*Work to be completed*:
Below is a listing. Quote from it, exactly, the lines from the one containing "theory Submission" down to the one containing "generators of hat", both ends included, and nothing else.

"""

(* Let $\mathcal{A}$ be a finite alphabet, $n\ge0$, and $N=[1,n]=\{1,\dots,n\}$. Then (i) $|\overline{L}_{\mathcal{A}}(n)/\mathcal{S}_{\mathcal{A}}|=|\overline{G}_{\mathcal{A}}(N)/\hat{\mathcal{S}}_{\mathcal{A}}(n+1)|=|\overline{G}_{\mathcal{A}}(N)/{\sim}|=|\overline{G}_{\mathcal{A}}(N)/{\cong}|$; (ii) $|L_{\mathcal{A}}(n)/\mathcal{S}_{\mathcal{A}}|=|G_{\mathcal{A}}(N)/\hat{\mathcal{S}}_{\mathcal{A}}(n+1)|$; (iii) $|\overline{G}_{\mathcal{A}}(N)/\hat{\mathcal{S}}_{\mathcal{A}}(n+1)|\le|G_{\mathcal{A}}(N)/{\sim}|\le|G_{\mathcal{A}}(N)/{\cong}|\le|G_{\mathcal{A}}(N)/\hat{\mathcal{S}}_{\mathcal{A}}(n+1)|$.
   Context: $L_{\mathcal{A}}(n)$ is the set of $f:\mathcal{A}^n\to\mathcal{A}$; $\overline{L}_{\mathcal{A}}(n)$ the irreducible ones (depending on every argument). $\mathcal{S}_{\mathcal{A}}=\{1,r\}\times S_{\mathcal{A}}$ ($S_{\mathcal{A}}$ the permutations of $\mathcal{A}$) acts on rules by $\hat\nu f(w)=\nu f(\nu^{-1}w)$ (letterwise) and $\hat rf(w)=f(rw)$, $r$ reversing words. For $f:\mathcal{A}^n\to\mathcal{A}$, $\Phi^N_f(x)_i=f(x_{i+1}\dots x_{i+n})$; $G_{\mathcal{A}}(N)=\{\Phi^N_f\mid f\in L_{\mathcal{A}}(n)\}$, $\overline{G}_{\mathcal{A}}(N)=\{\Phi^N_f\mid f\in\overline{L}_{\mathcal{A}}(n)\}$. Operators on global maps: $\sigma\Phi=\sigma\circ\Phi$ with $(\sigma x)_i=x_{i+1}$; $\hat\nu\Phi(x)=\nu\Phi(\nu^{-1}x)$; $\hat r\Phi(x)=r\Phi(rx)$ with $(rx)_i=x_{-i}$. $\hat{\mathcal{S}}_{\mathcal{A}}(n+1)$ is the group generated by $\sigma^{n+1}\hat r$ and all $\hat\nu$, $\nu\in S_{\mathcal{A}}$; it acts on $G_{\mathcal{A}}(N)$ and on $\overline G_{\mathcal{A}}(N)$. $\Phi\cong\Psi$ iff $\Psi=\tau\Phi$ for some $\tau$ in the group generated by $\sigma,\hat r,\hat\nu$. Scaling: for positive rational $v$ and a global map with a representation $\Phi=\Phi^M_f$, $vM\subseteq\mathbb{Z}$, put $\hat s_v\Phi=\Phi^{vM}_f$; $\Phi\sim\Psi$ iff there exist global maps $\Phi',\Psi'$ and a positive rational $v$ with $\Phi\cong\Phi'$, $\Psi\cong\Psi'$, $\Psi'=\hat s_v\Phi'$. For a set $X$ of global maps, $X/{\cong}$ and $X/{\sim}$ denote the classes of the restricted relations, and $X/\hat{\mathcal{S}}_{\mathcal{A}}(n+1)$ the orbits. *)

theory Defs
  imports Complex_Main
begin

type_synonym 'a cfg = "int \<Rightarrow> 'a"
type_synonym 'a gmap = "'a cfg \<Rightarrow> 'a cfg"

text \<open>L_A(n): functions A^n -> A, represented as functions on words (lists) that are
  undefined (extensionally) off words of length n.\<close>
definition Lrules :: "nat \<Rightarrow> ('a list \<Rightarrow> 'a) set" where
  "Lrules n = {f. \<forall>w. length w \<noteq> n \<longrightarrow> f w = undefined}"

definition Lbar :: "nat \<Rightarrow> ('a list \<Rightarrow> 'a) set" where
  "Lbar n = {f \<in> Lrules n. \<forall>i<n. \<exists>w a. length w = n \<and> f (w[i := a]) \<noteq> f w}"

text \<open>Orbit relation of S_A = {1,r} x S_A acting by
  (r^b, nu) f (w) = nu (f (nu^-1 (r^b w))).\<close>
definition rule_orbit_rel :: "nat \<Rightarrow> ('a list \<Rightarrow> 'a) \<Rightarrow> ('a list \<Rightarrow> 'a) \<Rightarrow> bool" where
  "rule_orbit_rel n f g \<longleftrightarrow> (\<exists>\<nu> b. bij \<nu> \<and>
     (\<forall>w. length w = n \<longrightarrow> g w = \<nu> (f (map (inv \<nu>) (if b then rev w else w)))))"

definition global :: "int set \<Rightarrow> ('a list \<Rightarrow> 'a) \<Rightarrow> 'a gmap" where
  "global M f = (\<lambda>x i. f (map (\<lambda>m. x (i + m)) (sorted_list_of_set M)))"

definition G :: "nat \<Rightarrow> 'a gmap set" where
  "G n = {global {1..int n} f | f. f \<in> Lrules n}"

definition Gbar :: "nat \<Rightarrow> 'a gmap set" where
  "Gbar n = {global {1..int n} f | f. f \<in> Lbar n}"

definition shift :: "'a cfg \<Rightarrow> 'a cfg" where
  "shift x = (\<lambda>i. x (i + 1))"

definition refl_cfg :: "'a cfg \<Rightarrow> 'a cfg" where
  "refl_cfg x = (\<lambda>i. x (- i))"

definition shift_hat :: "'a gmap \<Rightarrow> 'a gmap" where
  "shift_hat \<Phi> = shift \<circ> \<Phi>"

definition refl_hat :: "'a gmap \<Rightarrow> 'a gmap" where
  "refl_hat \<Phi> = refl_cfg \<circ> \<Phi> \<circ> refl_cfg"

definition perm_hat :: "('a \<Rightarrow> 'a) \<Rightarrow> 'a gmap \<Rightarrow> 'a gmap" where
  "perm_hat \<nu> \<Phi> = (\<lambda>x. \<nu> \<circ> \<Phi> (inv \<nu> \<circ> x))"

text \<open>Orbit relation of the group generated by a set T of bijections:
  equivalence closure of the one-step relation.\<close>
definition gen_orbit :: "('b \<Rightarrow> 'b) set \<Rightarrow> 'b \<Rightarrow> 'b \<Rightarrow> bool" where
  "gen_orbit T = (\<lambda>x y. \<exists>t\<in>T. y = t x \<or> x = t y)\<^sup>*\<^sup>*"

definition Shat_gens :: "nat \<Rightarrow> ('a gmap \<Rightarrow> 'a gmap) set" where
  "Shat_gens n = {\<lambda>\<Phi>. (shift_hat ^^ (n + 1)) (refl_hat \<Phi>)} \<union> {perm_hat \<nu> | \<nu>. bij \<nu>}"

definition cong_gens :: "('a gmap \<Rightarrow> 'a gmap) set" where
  "cong_gens = {shift_hat, refl_hat} \<union> {perm_hat \<nu> | \<nu>. bij \<nu>}"

definition gcong :: "'a gmap \<Rightarrow> 'a gmap \<Rightarrow> bool" where
  "gcong = gen_orbit cong_gens"

definition scaled :: "rat \<Rightarrow> 'a gmap \<Rightarrow> 'a gmap \<Rightarrow> bool" where
  "scaled v \<Phi> \<Psi> \<longleftrightarrow> (\<exists>M f. finite M \<and> (\<forall>m\<in>M. v * of_int m \<in> \<int>) \<and>
      \<Phi> = global M f \<and> \<Psi> = global ((\<lambda>m. \<lfloor>v * of_int m\<rfloor>) ` M) f)"

definition gsim :: "'a gmap \<Rightarrow> 'a gmap \<Rightarrow> bool" where
  "gsim \<Phi> \<Psi> \<longleftrightarrow> (\<exists>\<Phi>' \<Psi>' v. v > 0 \<and> gcong \<Phi> \<Phi>' \<and> gcong \<Psi> \<Psi>' \<and> scaled v \<Phi>' \<Psi>')"

definition quot :: "'b set \<Rightarrow> ('b \<Rightarrow> 'b \<Rightarrow> bool) \<Rightarrow> 'b set set" where
  "quot X R = X // {(x, y). x \<in> X \<and> y \<in> X \<and> R x y}"

end

theory Submission
  imports Defs
begin

(* Every map in G_A(N) is Phi^N_f for a unique f in L_A(n), and on such window maps the
   generators of hat S_A(n+1) act exactly as S_A acts on rules: sigma^(n+1) r-hat reflects the
   window [1, n] onto itself and reverses the rule, nu-hat conjugates it by nu. This gives the
   equalities between rule orbits and hat S_A(n+1)-orbits. The inequalities hold because
   hat S_A(n+1)-orbits refine congruence classes, which refine similarity classes.
   An irreducible rule reads every cell of its window, so the window of any representation of
   the map is determined by the map. Congruences only translate windows and rescalings map them
   monotonically, so two similar irreducible window maps differ by a translation of the window
   and an element of S_A acting on the rule, i.e. they lie in one hat S_A(n+1)-orbit. *)

section \<open>Global maps given by a window of cells\<close>

definition global_list :: "int list \<Rightarrow> ('a list \<Rightarrow> 'a) \<Rightarrow> 'a gmap" where
  "global_list L f = (\<lambda>x i. f (map (\<lambda>m. x (i + m)) L))"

"""

*Task result*:
theory Submission
  imports Defs
begin

(* Every map in G_A(N) is Phi^N_f for a unique f in L_A(n), and on such window maps the
   generators of hat S_A(n+1) act exactly as S_A acts on rules: sigma^(n+1) r-hat reflects the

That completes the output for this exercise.